▶ **Description of the task**
Here is a block of records. Copy every line in it that includes "exists".

▶ **Data supplied**
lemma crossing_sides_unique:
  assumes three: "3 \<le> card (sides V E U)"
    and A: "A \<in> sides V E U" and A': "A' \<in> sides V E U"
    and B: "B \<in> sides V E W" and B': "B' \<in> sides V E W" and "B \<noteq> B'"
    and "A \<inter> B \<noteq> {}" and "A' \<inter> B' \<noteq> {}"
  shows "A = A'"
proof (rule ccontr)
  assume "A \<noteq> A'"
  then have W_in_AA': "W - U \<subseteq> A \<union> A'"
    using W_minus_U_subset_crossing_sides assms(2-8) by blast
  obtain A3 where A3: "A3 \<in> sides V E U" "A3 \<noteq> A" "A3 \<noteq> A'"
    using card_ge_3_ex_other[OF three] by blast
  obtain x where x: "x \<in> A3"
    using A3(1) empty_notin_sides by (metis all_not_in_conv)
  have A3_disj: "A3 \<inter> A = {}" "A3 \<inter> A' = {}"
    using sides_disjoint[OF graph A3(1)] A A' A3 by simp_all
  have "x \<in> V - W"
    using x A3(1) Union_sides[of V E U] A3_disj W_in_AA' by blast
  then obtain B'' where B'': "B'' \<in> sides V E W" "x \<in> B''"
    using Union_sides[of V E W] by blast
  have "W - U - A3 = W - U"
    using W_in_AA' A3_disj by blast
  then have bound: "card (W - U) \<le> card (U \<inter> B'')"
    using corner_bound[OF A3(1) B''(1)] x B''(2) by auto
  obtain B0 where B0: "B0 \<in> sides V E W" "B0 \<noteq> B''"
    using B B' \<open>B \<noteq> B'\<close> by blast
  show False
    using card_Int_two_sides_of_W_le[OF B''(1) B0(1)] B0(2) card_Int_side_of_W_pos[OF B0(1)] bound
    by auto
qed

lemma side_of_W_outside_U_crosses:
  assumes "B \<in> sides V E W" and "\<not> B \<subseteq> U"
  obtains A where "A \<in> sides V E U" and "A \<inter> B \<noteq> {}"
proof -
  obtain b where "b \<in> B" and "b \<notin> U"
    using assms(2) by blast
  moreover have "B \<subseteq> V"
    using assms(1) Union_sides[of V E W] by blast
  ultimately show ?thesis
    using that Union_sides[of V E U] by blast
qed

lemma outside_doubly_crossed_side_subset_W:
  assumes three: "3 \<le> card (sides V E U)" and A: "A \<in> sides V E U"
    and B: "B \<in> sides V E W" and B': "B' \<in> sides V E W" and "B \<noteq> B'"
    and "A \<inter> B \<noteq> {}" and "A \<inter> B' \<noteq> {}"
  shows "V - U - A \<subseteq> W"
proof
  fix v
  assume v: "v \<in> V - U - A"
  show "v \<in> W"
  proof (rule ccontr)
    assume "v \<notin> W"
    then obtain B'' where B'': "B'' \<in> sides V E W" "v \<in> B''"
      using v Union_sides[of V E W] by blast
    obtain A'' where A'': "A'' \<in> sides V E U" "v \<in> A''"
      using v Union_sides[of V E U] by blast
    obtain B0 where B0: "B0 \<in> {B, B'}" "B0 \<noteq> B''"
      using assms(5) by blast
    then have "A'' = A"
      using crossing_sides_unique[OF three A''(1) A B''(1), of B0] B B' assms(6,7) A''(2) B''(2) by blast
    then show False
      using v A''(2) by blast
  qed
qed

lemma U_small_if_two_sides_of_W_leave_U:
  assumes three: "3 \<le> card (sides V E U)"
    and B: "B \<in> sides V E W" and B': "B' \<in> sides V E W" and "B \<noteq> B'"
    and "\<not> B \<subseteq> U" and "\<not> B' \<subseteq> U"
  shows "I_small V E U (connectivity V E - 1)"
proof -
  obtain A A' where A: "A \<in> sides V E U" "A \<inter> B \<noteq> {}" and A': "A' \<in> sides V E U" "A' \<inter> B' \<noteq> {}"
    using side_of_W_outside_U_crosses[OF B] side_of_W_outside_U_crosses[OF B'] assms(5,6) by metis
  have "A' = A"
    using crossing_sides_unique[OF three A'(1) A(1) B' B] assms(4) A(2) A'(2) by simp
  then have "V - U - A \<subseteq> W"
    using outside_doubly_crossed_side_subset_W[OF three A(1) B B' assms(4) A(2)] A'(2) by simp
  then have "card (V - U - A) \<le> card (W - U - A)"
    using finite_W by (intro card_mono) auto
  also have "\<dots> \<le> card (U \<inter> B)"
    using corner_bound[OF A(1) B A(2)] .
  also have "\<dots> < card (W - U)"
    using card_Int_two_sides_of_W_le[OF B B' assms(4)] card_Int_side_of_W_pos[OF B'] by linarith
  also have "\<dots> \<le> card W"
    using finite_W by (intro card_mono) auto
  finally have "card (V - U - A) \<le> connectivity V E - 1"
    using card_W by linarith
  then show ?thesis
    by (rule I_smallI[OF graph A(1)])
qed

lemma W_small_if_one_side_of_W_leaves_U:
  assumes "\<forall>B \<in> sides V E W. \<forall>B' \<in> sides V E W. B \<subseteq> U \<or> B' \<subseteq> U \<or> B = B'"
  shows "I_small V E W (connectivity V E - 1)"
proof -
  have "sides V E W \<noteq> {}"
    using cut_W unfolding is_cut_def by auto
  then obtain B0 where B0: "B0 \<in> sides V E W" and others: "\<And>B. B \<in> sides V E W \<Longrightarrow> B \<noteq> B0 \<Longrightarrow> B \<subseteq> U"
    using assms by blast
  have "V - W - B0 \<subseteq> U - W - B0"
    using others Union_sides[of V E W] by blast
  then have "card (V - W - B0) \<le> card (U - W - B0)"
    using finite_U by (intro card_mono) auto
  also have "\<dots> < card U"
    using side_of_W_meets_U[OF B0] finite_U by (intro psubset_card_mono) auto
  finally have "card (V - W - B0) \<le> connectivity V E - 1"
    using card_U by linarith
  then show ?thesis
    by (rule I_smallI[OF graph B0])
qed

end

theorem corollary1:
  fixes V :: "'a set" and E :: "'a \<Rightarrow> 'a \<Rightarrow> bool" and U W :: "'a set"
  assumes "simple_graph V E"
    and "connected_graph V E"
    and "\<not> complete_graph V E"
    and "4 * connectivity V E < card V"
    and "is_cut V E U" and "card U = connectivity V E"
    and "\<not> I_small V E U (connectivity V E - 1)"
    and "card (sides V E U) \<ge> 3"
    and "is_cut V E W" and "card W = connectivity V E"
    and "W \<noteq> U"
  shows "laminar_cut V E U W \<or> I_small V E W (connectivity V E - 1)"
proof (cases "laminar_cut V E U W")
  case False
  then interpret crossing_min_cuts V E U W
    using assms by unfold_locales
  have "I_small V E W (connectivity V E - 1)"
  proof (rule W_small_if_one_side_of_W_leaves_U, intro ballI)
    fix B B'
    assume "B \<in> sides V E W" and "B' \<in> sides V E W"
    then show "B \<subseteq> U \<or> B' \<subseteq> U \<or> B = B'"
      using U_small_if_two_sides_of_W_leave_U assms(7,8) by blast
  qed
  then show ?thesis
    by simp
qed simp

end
==
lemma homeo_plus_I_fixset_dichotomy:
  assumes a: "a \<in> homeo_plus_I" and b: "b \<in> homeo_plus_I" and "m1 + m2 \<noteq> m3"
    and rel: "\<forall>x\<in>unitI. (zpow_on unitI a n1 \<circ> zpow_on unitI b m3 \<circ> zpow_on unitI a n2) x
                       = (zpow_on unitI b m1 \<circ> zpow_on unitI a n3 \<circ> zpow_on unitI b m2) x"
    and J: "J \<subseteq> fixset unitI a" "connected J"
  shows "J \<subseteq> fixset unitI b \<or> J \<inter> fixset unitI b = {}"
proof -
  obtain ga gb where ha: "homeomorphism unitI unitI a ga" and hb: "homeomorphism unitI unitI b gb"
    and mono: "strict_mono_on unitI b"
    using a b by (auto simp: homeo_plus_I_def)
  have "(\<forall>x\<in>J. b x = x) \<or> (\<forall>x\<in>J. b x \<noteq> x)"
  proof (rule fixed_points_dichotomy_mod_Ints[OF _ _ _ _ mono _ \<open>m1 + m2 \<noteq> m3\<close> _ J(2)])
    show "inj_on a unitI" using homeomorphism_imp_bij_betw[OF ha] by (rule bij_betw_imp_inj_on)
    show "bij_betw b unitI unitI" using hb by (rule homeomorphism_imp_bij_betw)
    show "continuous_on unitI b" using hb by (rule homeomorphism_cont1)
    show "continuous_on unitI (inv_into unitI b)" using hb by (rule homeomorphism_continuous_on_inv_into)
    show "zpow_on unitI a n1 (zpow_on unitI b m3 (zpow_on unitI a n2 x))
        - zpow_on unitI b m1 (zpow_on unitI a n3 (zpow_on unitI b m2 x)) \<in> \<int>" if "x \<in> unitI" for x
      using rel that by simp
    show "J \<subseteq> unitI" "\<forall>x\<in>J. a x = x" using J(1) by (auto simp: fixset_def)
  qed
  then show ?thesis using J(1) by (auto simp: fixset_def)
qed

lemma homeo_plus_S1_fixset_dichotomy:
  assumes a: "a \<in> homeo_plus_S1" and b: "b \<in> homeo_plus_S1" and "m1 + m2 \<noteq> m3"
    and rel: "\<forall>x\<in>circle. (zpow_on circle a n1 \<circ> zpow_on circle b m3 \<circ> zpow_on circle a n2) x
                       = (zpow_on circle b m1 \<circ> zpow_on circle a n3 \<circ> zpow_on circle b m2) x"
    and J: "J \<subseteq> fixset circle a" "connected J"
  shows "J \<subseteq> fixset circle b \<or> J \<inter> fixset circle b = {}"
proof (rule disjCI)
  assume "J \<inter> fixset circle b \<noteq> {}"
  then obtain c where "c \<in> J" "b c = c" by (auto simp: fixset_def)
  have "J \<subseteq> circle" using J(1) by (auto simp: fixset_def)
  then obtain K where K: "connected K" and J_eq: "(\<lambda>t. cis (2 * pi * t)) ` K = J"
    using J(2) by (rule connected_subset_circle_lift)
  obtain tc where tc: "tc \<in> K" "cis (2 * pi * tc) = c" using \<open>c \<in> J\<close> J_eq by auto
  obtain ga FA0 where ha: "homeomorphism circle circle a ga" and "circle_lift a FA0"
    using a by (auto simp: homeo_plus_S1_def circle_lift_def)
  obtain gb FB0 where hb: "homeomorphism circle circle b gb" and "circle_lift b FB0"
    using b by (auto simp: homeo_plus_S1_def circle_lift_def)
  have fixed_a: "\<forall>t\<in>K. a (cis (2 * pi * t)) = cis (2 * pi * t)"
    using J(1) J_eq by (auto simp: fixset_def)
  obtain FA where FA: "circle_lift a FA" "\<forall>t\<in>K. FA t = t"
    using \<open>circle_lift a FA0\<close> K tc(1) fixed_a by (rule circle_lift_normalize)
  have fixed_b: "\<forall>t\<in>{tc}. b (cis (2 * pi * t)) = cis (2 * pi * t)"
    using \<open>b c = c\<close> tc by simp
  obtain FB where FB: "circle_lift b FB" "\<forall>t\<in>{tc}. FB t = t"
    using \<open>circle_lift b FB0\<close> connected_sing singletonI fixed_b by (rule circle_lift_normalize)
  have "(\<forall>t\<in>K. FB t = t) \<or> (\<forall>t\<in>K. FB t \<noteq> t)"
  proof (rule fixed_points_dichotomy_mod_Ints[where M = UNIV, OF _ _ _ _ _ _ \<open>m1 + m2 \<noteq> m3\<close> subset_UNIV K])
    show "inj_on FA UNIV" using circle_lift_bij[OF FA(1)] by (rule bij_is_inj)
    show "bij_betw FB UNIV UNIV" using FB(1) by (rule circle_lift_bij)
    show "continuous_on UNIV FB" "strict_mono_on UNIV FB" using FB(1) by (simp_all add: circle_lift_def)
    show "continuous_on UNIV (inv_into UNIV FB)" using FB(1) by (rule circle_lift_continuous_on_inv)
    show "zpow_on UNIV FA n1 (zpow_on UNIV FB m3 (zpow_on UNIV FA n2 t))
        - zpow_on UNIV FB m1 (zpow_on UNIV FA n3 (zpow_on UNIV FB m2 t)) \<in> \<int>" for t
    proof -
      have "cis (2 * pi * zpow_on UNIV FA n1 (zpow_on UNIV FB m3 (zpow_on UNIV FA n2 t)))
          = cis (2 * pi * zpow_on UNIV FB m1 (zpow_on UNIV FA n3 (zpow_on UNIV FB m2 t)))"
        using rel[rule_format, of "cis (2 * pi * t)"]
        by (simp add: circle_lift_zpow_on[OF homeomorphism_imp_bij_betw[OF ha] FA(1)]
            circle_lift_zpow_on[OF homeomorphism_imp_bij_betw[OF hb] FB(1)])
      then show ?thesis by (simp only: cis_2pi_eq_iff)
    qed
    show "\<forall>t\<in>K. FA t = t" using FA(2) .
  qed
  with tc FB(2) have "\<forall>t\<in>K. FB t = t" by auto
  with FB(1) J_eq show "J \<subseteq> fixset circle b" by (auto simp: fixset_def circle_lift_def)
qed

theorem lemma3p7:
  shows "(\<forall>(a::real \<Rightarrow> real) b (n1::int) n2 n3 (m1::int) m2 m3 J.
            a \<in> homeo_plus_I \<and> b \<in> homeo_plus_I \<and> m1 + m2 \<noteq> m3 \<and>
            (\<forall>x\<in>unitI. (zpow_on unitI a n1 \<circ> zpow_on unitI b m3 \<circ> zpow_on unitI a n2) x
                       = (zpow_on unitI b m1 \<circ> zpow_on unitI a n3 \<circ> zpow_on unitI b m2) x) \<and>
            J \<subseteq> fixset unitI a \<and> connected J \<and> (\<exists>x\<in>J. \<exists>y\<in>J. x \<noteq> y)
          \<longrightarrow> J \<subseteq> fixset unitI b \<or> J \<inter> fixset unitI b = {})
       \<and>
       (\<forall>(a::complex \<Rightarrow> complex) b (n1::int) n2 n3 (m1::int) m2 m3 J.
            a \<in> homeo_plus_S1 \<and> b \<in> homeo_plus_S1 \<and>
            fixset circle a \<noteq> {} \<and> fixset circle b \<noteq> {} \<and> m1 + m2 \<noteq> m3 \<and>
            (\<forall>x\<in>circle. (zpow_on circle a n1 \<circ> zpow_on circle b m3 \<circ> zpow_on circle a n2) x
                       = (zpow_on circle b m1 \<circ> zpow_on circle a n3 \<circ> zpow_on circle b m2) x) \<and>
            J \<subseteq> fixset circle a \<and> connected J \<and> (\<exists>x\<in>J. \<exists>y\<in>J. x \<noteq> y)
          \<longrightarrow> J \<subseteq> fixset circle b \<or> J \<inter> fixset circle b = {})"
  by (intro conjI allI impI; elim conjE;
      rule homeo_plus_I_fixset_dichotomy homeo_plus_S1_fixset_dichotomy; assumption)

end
---
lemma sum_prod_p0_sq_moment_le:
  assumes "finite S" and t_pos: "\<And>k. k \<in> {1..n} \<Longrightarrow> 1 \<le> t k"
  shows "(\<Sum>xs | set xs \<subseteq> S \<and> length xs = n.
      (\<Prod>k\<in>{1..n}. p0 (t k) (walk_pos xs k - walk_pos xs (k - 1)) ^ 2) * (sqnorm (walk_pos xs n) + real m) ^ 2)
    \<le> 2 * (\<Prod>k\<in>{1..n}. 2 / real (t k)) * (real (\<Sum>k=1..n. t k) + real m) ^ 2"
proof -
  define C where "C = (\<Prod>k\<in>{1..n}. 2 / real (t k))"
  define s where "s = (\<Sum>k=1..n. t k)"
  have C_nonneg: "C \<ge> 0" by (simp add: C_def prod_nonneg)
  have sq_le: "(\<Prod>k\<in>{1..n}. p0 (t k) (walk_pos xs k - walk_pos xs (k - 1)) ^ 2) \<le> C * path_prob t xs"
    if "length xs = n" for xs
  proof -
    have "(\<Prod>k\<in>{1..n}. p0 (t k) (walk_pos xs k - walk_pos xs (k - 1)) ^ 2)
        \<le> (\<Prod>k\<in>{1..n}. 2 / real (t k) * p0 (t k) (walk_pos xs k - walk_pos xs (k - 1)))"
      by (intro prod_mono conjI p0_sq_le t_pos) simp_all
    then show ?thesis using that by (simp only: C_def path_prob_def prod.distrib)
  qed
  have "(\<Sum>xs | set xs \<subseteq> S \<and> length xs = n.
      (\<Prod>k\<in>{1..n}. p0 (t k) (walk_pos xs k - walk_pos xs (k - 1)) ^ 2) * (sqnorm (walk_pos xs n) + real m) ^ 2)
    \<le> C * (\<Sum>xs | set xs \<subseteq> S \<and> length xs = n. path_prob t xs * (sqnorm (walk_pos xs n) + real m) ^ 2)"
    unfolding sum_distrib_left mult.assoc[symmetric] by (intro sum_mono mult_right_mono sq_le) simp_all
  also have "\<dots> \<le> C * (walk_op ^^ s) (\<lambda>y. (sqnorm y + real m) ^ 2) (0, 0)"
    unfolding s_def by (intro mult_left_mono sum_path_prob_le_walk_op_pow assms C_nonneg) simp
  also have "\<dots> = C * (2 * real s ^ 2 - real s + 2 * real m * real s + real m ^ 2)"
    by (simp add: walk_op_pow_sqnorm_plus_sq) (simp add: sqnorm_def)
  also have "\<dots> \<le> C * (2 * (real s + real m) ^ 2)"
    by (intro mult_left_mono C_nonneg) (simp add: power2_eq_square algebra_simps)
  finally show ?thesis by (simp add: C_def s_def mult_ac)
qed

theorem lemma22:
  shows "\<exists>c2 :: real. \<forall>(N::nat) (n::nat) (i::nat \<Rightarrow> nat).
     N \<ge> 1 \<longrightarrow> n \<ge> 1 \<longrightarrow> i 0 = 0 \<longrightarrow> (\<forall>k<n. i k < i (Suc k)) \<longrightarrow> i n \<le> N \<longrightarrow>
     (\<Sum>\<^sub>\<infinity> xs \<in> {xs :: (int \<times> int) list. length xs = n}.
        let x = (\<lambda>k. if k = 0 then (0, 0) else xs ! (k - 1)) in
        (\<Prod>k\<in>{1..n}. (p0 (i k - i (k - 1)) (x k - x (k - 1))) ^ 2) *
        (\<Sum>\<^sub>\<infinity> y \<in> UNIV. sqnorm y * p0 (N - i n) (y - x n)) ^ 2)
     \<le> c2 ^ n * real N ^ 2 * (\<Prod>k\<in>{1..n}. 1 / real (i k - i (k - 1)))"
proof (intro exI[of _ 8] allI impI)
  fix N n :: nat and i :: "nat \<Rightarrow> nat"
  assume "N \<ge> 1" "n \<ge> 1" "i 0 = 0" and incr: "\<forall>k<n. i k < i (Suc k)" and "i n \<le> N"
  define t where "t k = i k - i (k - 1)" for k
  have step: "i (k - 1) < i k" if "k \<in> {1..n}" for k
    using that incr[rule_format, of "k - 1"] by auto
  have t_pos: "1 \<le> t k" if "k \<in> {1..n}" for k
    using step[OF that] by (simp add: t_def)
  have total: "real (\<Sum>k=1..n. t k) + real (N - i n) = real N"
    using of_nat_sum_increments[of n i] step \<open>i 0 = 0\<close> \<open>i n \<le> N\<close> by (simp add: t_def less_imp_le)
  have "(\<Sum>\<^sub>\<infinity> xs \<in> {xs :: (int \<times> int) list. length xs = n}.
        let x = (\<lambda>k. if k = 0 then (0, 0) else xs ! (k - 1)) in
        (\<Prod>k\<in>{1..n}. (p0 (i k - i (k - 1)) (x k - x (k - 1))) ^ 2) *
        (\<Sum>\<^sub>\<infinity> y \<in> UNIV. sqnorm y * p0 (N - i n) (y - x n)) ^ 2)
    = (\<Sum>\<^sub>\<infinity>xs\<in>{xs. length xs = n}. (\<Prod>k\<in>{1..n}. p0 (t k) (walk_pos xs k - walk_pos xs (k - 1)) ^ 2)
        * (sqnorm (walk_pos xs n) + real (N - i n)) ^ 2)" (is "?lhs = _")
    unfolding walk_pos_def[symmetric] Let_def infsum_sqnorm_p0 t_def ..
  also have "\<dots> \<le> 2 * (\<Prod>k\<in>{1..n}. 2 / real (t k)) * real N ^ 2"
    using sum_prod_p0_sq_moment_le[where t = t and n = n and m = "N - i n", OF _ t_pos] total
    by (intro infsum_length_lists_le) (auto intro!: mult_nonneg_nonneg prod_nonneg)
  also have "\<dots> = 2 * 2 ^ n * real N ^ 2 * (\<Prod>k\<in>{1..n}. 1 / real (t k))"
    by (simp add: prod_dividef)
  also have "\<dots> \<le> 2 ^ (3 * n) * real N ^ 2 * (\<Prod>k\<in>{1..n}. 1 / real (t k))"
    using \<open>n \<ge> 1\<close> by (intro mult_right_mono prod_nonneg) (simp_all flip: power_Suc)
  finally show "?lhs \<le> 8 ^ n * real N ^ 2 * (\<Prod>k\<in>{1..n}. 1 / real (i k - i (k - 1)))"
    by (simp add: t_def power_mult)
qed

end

▶ **Solution for this exercise**
            J \<subseteq> fixset unitI a \<and> connected J \<and> (\<exists>x\<in>J. \<exists>y\<in>J. x \<noteq> y)
            J \<subseteq> fixset circle a \<and> connected J \<and> (\<exists>x\<in>J. \<exists>y\<in>J. x \<noteq> y)
  shows "\<exists>c2 :: real. \<forall>(N::nat) (n::nat) (i::nat \<Rightarrow> nat).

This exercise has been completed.